(* Let $C$ be a family of completely positive (symmetric, real) tensors of orders $m\ge 2$ and dimensions $n\ge 2$ satisfying: (1) for all $m,n\ge 2$ there is at least one $m$th order $n$-dimensional tensor in $C$; (2) every matrix (order $m=2$) in $C$ is positive definite; (3) whenever $\mathcal{A}=(a_{i_1\dots i_m})\in C$ has order $m\ge 3$ and dimension $n$, the $(m-1)$th order $n$-dimensional sub-tensor $\mathcal{A}_1=(a_{1 i_2\dots i_m})$ obtained by fixing the first index $i_1=1$ also belongs to $C$. Then every tensor in $C$ is strongly completely positive, and every even order tensor in $C$ is positive definite.
   Context: For $\mathbf{u}\in\mathbb{R}^n$, $\mathbf{u}^m$ is the tensor with entries $u_{i_1}\cdots u_{i_m}$. A symmetric tensor $\mathcal{A}$ of order $m$ and dimension $n$ is completely positive if $\mathcal{A}=(\mathbf{u}^{(1)})^m+\dots+(\mathbf{u}^{(r)})^m$ for some nonnegative $\mathbf{u}^{(1)},\dots,\mathbf{u}^{(r)}\in\mathbb{R}^n$, and strongly completely positive if such a decomposition exists with $\{\mathbf{u}^{(1)},\dots,\mathbf{u}^{(r)}\}$ spanning $\mathbb{R}^n$. For even $m$, $\mathcal{A}$ is positive definite if $\sum_{i_1,\dots,i_m}a_{i_1\dots i_m}x_{i_1}\cdots x_{i_m}>0$ for all nonzero $\mathbf{x}\in\mathbb{R}^n$. *)

theory Defs
  imports Complex_Main "HOL-Combinatorics.Permutations"
begin

text \<open>Tensors of order m and dimension n are represented as functions
  nat list \<Rightarrow> real, where only index lists of length m with entries < n
  (0-based indices) are meaningful. Real vectors in R^n are functions
  nat \<Rightarrow> real, only coordinates < n being meaningful.\<close>

definition tidx :: "nat \<Rightarrow> nat \<Rightarrow> nat list set" where
  "tidx m n = {is. length is = m \<and> set is \<subseteq> {..<n}}"

definition sym_tensor :: "nat \<Rightarrow> nat \<Rightarrow> (nat list \<Rightarrow> real) \<Rightarrow> bool" where
  "sym_tensor m n A \<longleftrightarrow>
     (\<forall>is\<in>tidx m n. \<forall>js\<in>tidx m n. (\<exists>p. p permutes {..<m} \<and> js = map (\<lambda>k. is ! p k) [0..<m]) \<longrightarrow> A is = A js)"

definition tpow :: "(nat \<Rightarrow> real) \<Rightarrow> nat list \<Rightarrow> real" where
  "tpow u is = prod_list (map u is)"

definition nonneg_vec :: "nat \<Rightarrow> (nat \<Rightarrow> real) \<Rightarrow> bool" where
  "nonneg_vec n u \<longleftrightarrow> (\<forall>i<n. 0 \<le> u i)"

definition is_decomp :: "nat \<Rightarrow> nat \<Rightarrow> (nat list \<Rightarrow> real) \<Rightarrow> (nat \<Rightarrow> real) list \<Rightarrow> bool" where
  "is_decomp m n A us \<longleftrightarrow>
     (\<forall>u\<in>set us. nonneg_vec n u) \<and>
     (\<forall>is\<in>tidx m n. A is = (\<Sum>u\<leftarrow>us. tpow u is))"

definition spans_Rn :: "nat \<Rightarrow> (nat \<Rightarrow> real) list \<Rightarrow> bool" where
  "spans_Rn n us \<longleftrightarrow>
     (\<forall>x :: nat \<Rightarrow> real. \<exists>c :: nat \<Rightarrow> real.
        \<forall>i<n. x i = (\<Sum>k<length us. c k * (us ! k) i))"

definition completely_positive :: "nat \<Rightarrow> nat \<Rightarrow> (nat list \<Rightarrow> real) \<Rightarrow> bool" where
  "completely_positive m n A \<longleftrightarrow> sym_tensor m n A \<and> (\<exists>us. is_decomp m n A us)"

definition strongly_completely_positive :: "nat \<Rightarrow> nat \<Rightarrow> (nat list \<Rightarrow> real) \<Rightarrow> bool" where
  "strongly_completely_positive m n A \<longleftrightarrow>
     sym_tensor m n A \<and> (\<exists>us. is_decomp m n A us \<and> spans_Rn n us)"

definition pos_def_tensor :: "nat \<Rightarrow> nat \<Rightarrow> (nat list \<Rightarrow> real) \<Rightarrow> bool" where
  "pos_def_tensor m n A \<longleftrightarrow>
     (\<forall>x :: nat \<Rightarrow> real. (\<exists>i<n. x i \<noteq> 0) \<longrightarrow>
        0 < (\<Sum>is\<in>tidx m n. A is * prod_list (map x is)))"

end

theory Submission
  imports Defs "Jordan_Normal_Form.Determinant"
begin

(* Write A = \<Sum>_u u^m. Fixing the first m - 2 indices of A to the first coordinate
   leaves the matrix \<Sum>_u (u_1)^(m-2) u u^T, whose quadratic form at x is
   \<Sum>_u (u_1)^(m-2) (u.x)^2. By (3) this matrix lies in C, so by (2) it is positive definite;
   hence no nonzero x is orthogonal to all u, i.e. the u span R^n, and for even m the form
   A x^m = \<Sum>_u (u.x)^m is a sum of nonnegative terms one of which is positive. *)

lemma sum_list_nonzero_imp_nonzero_term:
  "(\<Sum>u\<leftarrow>us. f u) \<noteq> (0::'b::monoid_add) \<Longrightarrow> \<exists>u\<in>set us. f u \<noteq> 0"
  by (induction us) auto

lemma sum_list_even_powers_pos:
  fixes f :: "'a \<Rightarrow> real"
  assumes "even m" "u \<in> set us" "f u \<noteq> 0"
  shows "0 < (\<Sum>u\<leftarrow>us. f u ^ m)"
proof -
  have "0 < f u ^ m"
    using assms by (simp add: zero_less_power_eq)
  also have "\<dots> \<le> (\<Sum>u\<leftarrow>us. f u ^ m)"
    using assms by (intro member_le_sum_list) (auto simp: zero_le_even_power)
  finally show ?thesis .
qed

lemma gram_quadratic_form:
  fixes v :: "nat \<Rightarrow> nat \<Rightarrow> real" and y :: "nat \<Rightarrow> real"
  shows "(\<Sum>i<n. y i * (\<Sum>j<n. (\<Sum>k<r. v k i * v k j) * y j))
       = (\<Sum>k<r. (\<Sum>i<n. v k i * y i)^2)"
proof -
  have "(\<Sum>i<n. y i * (\<Sum>j<n. (\<Sum>k<r. v k i * v k j) * y j))
      = (\<Sum>i<n. \<Sum>j<n. \<Sum>k<r. (v k i * y i) * (v k j * y j))"
    by (simp add: sum_distrib_left sum_distrib_right mult_ac)
  also have "\<dots> = (\<Sum>k<r. \<Sum>i<n. \<Sum>j<n. (v k i * y i) * (v k j * y j))"
    by (simp add: sum.swap[where A="{..<r}"])
  also have "\<dots> = (\<Sum>k<r. (\<Sum>i<n. v k i * y i)^2)"
    by (simp add: power2_eq_square sum_product)
  finally show ?thesis .
qed

(* By the hypothesis the Gram matrix G = \<Sum>_k v_k v_k^T is positive definite, hence
   invertible, and x = G y = \<Sum>_k (v_k.y) v_k. *)
lemma spans_Rn_if_trivial_annihilator:
  assumes annihilator: "\<And>x. (\<exists>i<n. x i \<noteq> 0) \<Longrightarrow> \<exists>u\<in>set us. (\<Sum>i<n. u i * x i) \<noteq> 0"
  shows "spans_Rn n us"
  unfolding spans_Rn_def
proof
  fix x :: "nat \<Rightarrow> real"
  define r where "r = length us"
  define v where "v k = us ! k" for k
  define G where "G = mat n n (\<lambda>(i,j). \<Sum>k<r. v k i * v k j)"
  have G_carrier: "G \<in> carrier_mat n n" unfolding G_def by simp
  have G_mult: "(G *\<^sub>v y) $ i = (\<Sum>j<n. (\<Sum>k<r. v k i * v k j) * y $ j)"
    if "i < n" "y \<in> carrier_vec n" for i y
    using that unfolding G_def by (simp add: scalar_prod_def lessThan_atLeast0 row_def)
  have "det G \<noteq> 0"
  proof
    assume "det G = 0"
    then obtain y where y: "y \<in> carrier_vec n" "y \<noteq> 0\<^sub>v n" "G *\<^sub>v y = 0\<^sub>v n"
      using det_0_iff_vec_prod_zero[OF G_carrier] by auto
    have "\<exists>i<n. y $ i \<noteq> 0"
      using y(1,2) by (metis eq_vecI index_zero_vec(1,2) carrier_vecD)
    then obtain k where k: "k < r" "(\<Sum>i<n. v k i * y $ i) \<noteq> 0"
      using annihilator[of "\<lambda>i. y $ i"] unfolding r_def v_def by (auto simp: in_set_conv_nth)
    have "0 < (\<Sum>k<r. (\<Sum>i<n. v k i * y $ i)^2)"
      using k by (intro sum_pos2[of _ k]) auto
    also have "\<dots> = (\<Sum>i<n. y $ i * (G *\<^sub>v y) $ i)"
      using gram_quadratic_form[where y="\<lambda>i. y $ i" and n=n and v=v and r=r] G_mult[OF _ y(1)]
      by simp
    also have "\<dots> = 0" using y(3) by simp
    finally show False by simp
  qed
  then have "G \<in> Units (ring_mat TYPE(real) n ())"
    by (rule det_non_zero_imp_unit[OF G_carrier])
  then obtain B where B: "B \<in> carrier_mat n n" "G * B = 1\<^sub>m n"
    unfolding Units_def ring_mat_def by auto
  define y where "y = B *\<^sub>v vec n x"
  have y_carrier: "y \<in> carrier_vec n" unfolding y_def using B by simp
  have G_y: "G *\<^sub>v y = vec n x"
    unfolding y_def using B G_carrier by (metis assoc_mult_mat_vec one_mult_mat_vec vec_carrier)
  show "\<exists>c. \<forall>i<n. x i = (\<Sum>k<length us. c k * (us ! k) i)"
  proof (intro exI allI impI)
    fix i assume i: "i < n"
    have "x i = (G *\<^sub>v y) $ i" using G_y i by simp
    also have "\<dots> = (\<Sum>j<n. (\<Sum>k<r. v k i * v k j) * y $ j)" using G_mult[OF i y_carrier] .
    also have "\<dots> = (\<Sum>k<r. (\<Sum>j<n. v k j * y $ j) * v k i)"
      by (simp add: sum_distrib_left sum_distrib_right sum.swap[where A="{..<n}"] mult_ac)
    finally show "x i = (\<Sum>k<length us. (\<Sum>j<n. v k j * y $ j) * (us ! k) i)"
      unfolding r_def v_def .
  qed
qed

lemma tidx_Suc: "tidx (Suc m) n = (\<lambda>(i, is). i # is) ` ({..<n} \<times> tidx m n)"
  unfolding tidx_def by (auto simp: length_Suc_conv image_iff)

lemma replicate_append_in_tidx:
  "0 < n \<Longrightarrow> is \<in> tidx j n \<Longrightarrow> replicate k 0 @ is \<in> tidx (k + j) n"
  unfolding tidx_def by auto

lemma sum_tidx_tpow:
  fixes u x :: "nat \<Rightarrow> real"
  shows "(\<Sum>is\<in>tidx m n. tpow u is * prod_list (map x is)) = (\<Sum>i<n. u i * x i) ^ m"
proof (induction m)
  case 0
  have "tidx 0 n = {[]}" unfolding tidx_def by auto
  then show ?case by (simp add: tpow_def)
next
  case (Suc m)
  have "inj_on (\<lambda>(i, is). i # is) ({..<n} \<times> tidx m n)"
    by (auto simp: inj_on_def)
  then have "(\<Sum>is\<in>tidx (Suc m) n. tpow u is * prod_list (map x is))
      = (\<Sum>i<n. \<Sum>is\<in>tidx m n. (u i * x i) * (tpow u is * prod_list (map x is)))"
    unfolding tidx_Suc
    by (subst sum.reindex) (simp_all add: sum.cartesian_product case_prod_beta tpow_def mult_ac)
  also have "\<dots> = (\<Sum>i<n. u i * x i) ^ Suc m"
    by (simp add: sum_distrib_left[symmetric] Suc sum_distrib_right)
  finally show ?case .
qed

lemma decomp_replicate_zero_append:
  assumes "is_decomp (k + j) n A us" "0 < n" "is \<in> tidx j n"
  shows "A (replicate k 0 @ is) = (\<Sum>u\<leftarrow>us. u 0 ^ k * tpow u is)"
  using assms replicate_append_in_tidx[OF assms(2,3)]
  unfolding is_decomp_def by (simp add: tpow_def)

lemma sum_tidx_replicate_zero_append:
  fixes x :: "nat \<Rightarrow> real"
  assumes "is_decomp (k + j) n A us" "0 < n"
  shows "(\<Sum>is\<in>tidx j n. A (replicate k 0 @ is) * prod_list (map x is))
       = (\<Sum>u\<leftarrow>us. u 0 ^ k * (\<Sum>i<n. u i * x i) ^ j)"
proof -
  have "(\<Sum>is\<in>tidx j n. A (replicate k 0 @ is) * prod_list (map x is))
      = (\<Sum>is\<in>tidx j n. \<Sum>u\<leftarrow>us. u 0 ^ k * (tpow u is * prod_list (map x is)))"
    using decomp_replicate_zero_append[OF assms]
    by (simp add: sum_list_const_mult[symmetric] sum_list_mult_const[symmetric] mult_ac)
  also have "\<dots> = (\<Sum>u\<leftarrow>us. u 0 ^ k * (\<Sum>i<n. u i * x i) ^ j)"
    by (simp add: sum_list_sum_nth sum.swap[where A="tidx j n"] sum_distrib_left[symmetric]
        sum_tidx_tpow)
  finally show ?thesis .
qed

lemma trivial_annihilator_if_slice_pos_def:
  assumes dec: "is_decomp (k + 2) n A us" and "0 < n"
    and pd: "pos_def_tensor 2 n (\<lambda>is. A (replicate k 0 @ is))"
    and x: "\<exists>i<n. x i \<noteq> 0"
  shows "\<exists>u\<in>set us. (\<Sum>i<n. u i * x i) \<noteq> 0"
proof -
  have "0 < (\<Sum>is\<in>tidx 2 n. A (replicate k 0 @ is) * prod_list (map x is))"
    using pd x unfolding pos_def_tensor_def by blast
  also have "\<dots> = (\<Sum>u\<leftarrow>us. u 0 ^ k * (\<Sum>i<n. u i * x i) ^ 2)"
    by (rule sum_tidx_replicate_zero_append[OF dec \<open>0 < n\<close>])
  finally have "(\<Sum>u\<leftarrow>us. u 0 ^ k * (\<Sum>i<n. u i * x i) ^ 2) \<noteq> 0"
    by simp
  then show ?thesis
    using sum_list_nonzero_imp_nonzero_term by fastforce
qed

lemma pos_def_tensor_if_trivial_annihilator:
  assumes "even m" and dec: "is_decomp m n A us" and "0 < n"
    and annihilator: "\<And>x. (\<exists>i<n. x i \<noteq> 0) \<Longrightarrow> \<exists>u\<in>set us. (\<Sum>i<n. u i * x i) \<noteq> 0"
  shows "pos_def_tensor m n A"
  unfolding pos_def_tensor_def
proof (intro allI impI)
  fix x :: "nat \<Rightarrow> real" assume "\<exists>i<n. x i \<noteq> 0"
  then obtain u where "u \<in> set us" "(\<Sum>i<n. u i * x i) \<noteq> 0"
    using annihilator by blast
  with \<open>even m\<close> have "0 < (\<Sum>v\<leftarrow>us. (\<Sum>i<n. v i * x i) ^ m)"
    by (rule sum_list_even_powers_pos[where f="\<lambda>v. \<Sum>i<n. v i * x i"])
  also have "\<dots> = (\<Sum>is\<in>tidx m n. A is * prod_list (map x is))"
    using sum_tidx_replicate_zero_append[of 0 m n A us x] dec \<open>0 < n\<close> by simp
  finally show "0 < (\<Sum>is\<in>tidx m n. A is * prod_list (map x is))" .
qed

lemma matrix_slice_in_family:
  assumes sub: "\<And>m n A. (m, n, A) \<in> C \<Longrightarrow> 3 \<le> m \<Longrightarrow>
                \<exists>B. (m - 1, n, B) \<in> C \<and> (\<forall>is\<in>tidx (m - 1) n. B is = A (0 # is))"
    and "0 < n"
  shows "2 \<le> m \<Longrightarrow> (m, n, A) \<in> C \<Longrightarrow>
    \<exists>M. (2, n, M) \<in> C \<and> (\<forall>is\<in>tidx 2 n. M is = A (replicate (m - 2) 0 @ is))"
proof (induction m arbitrary: A rule: nat_induct_at_least)
  case base
  then show ?case by auto
next
  case (Suc m)
  obtain B where B: "(m, n, B) \<in> C" "\<forall>is\<in>tidx m n. B is = A (0 # is)"
    using sub[OF Suc.prems(1)] Suc.hyps by auto
  obtain M where M: "(2, n, M) \<in> C" "\<forall>is\<in>tidx 2 n. M is = B (replicate (m - 2) 0 @ is)"
    using Suc.IH[OF B(1)] by auto
  have "replicate (m - 2) 0 @ is \<in> tidx m n" if "is \<in> tidx 2 n" for "is"
    using replicate_append_in_tidx[OF \<open>0 < n\<close> that, of "m - 2"]
    by (simp only: le_add_diff_inverse2[OF Suc.hyps])
  moreover have "replicate (Suc m - 2) 0 = 0 # replicate (m - 2) (0::nat)"
    by (simp only: Suc_diff_le[OF Suc.hyps] replicate_Suc)
  ultimately show ?case using M B by (intro exI[of _ M]) auto
qed

theorem theorem4p1:
  fixes C :: "(nat \<times> nat \<times> (nat list \<Rightarrow> real)) set"
  assumes cp: "\<And>m n A. (m, n, A) \<in> C \<Longrightarrow> 2 \<le> m \<and> 2 \<le> n \<and> completely_positive m n A"
    and nonempty: "\<And>m n. 2 \<le> m \<Longrightarrow> 2 \<le> n \<Longrightarrow> \<exists>A. (m, n, A) \<in> C"
    and matrix_pd: "\<And>n A. (2, n, A) \<in> C \<Longrightarrow> pos_def_tensor 2 n A"
    and sub: "\<And>m n A. (m, n, A) \<in> C \<Longrightarrow> 3 \<le> m \<Longrightarrow>
                \<exists>B. (m - 1, n, B) \<in> C \<and> (\<forall>is\<in>tidx (m - 1) n. B is = A (0 # is))"
  shows "\<forall>(m, n, A) \<in> C. strongly_completely_positive m n A \<and>
                          (even m \<longrightarrow> pos_def_tensor m n A)"
proof clarify
  fix m n A assume mnA: "(m, n, A) \<in> C"
  then have m: "2 \<le> m" and n: "0 < n" and "completely_positive m n A"
    using cp[OF mnA] by auto
  then obtain us where sym: "sym_tensor m n A" and dec: "is_decomp m n A us"
    unfolding completely_positive_def by auto
  obtain M where M_C: "(2, n, M) \<in> C" and M: "\<forall>is\<in>tidx 2 n. M is = A (replicate (m - 2) 0 @ is)"
    using matrix_slice_in_family[OF sub n m mnA] by auto
  have "pos_def_tensor 2 n (\<lambda>is. A (replicate (m - 2) 0 @ is))"
    using matrix_pd[OF M_C] M unfolding pos_def_tensor_def by (simp cong: sum.cong)
  moreover have "is_decomp ((m - 2) + 2) n A us"
    using dec by (simp only: le_add_diff_inverse2[OF m])
  ultimately have annihilator: "\<exists>u\<in>set us. (\<Sum>i<n. u i * x i) \<noteq> 0" if "\<exists>i<n. x i \<noteq> 0" for x
    using trivial_annihilator_if_slice_pos_def n that by blast
  have "spans_Rn n us"
    using spans_Rn_if_trivial_annihilator[OF annihilator] .
  moreover have "even m \<Longrightarrow> pos_def_tensor m n A"
    using pos_def_tensor_if_trivial_annihilator[OF _ dec n annihilator] .
  ultimately show "strongly_completely_positive m n A \<and> (even m \<longrightarrow> pos_def_tensor m n A)"
    using sym dec unfolding strongly_completely_positive_def by blast
qed

end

------------------------------------

* _Problem to work on_: Wherever the word "allI" turns up in the material, copy the whole line.

* _Solution to this problem_:
  proof (intro exI allI impI)
proof (intro allI impI)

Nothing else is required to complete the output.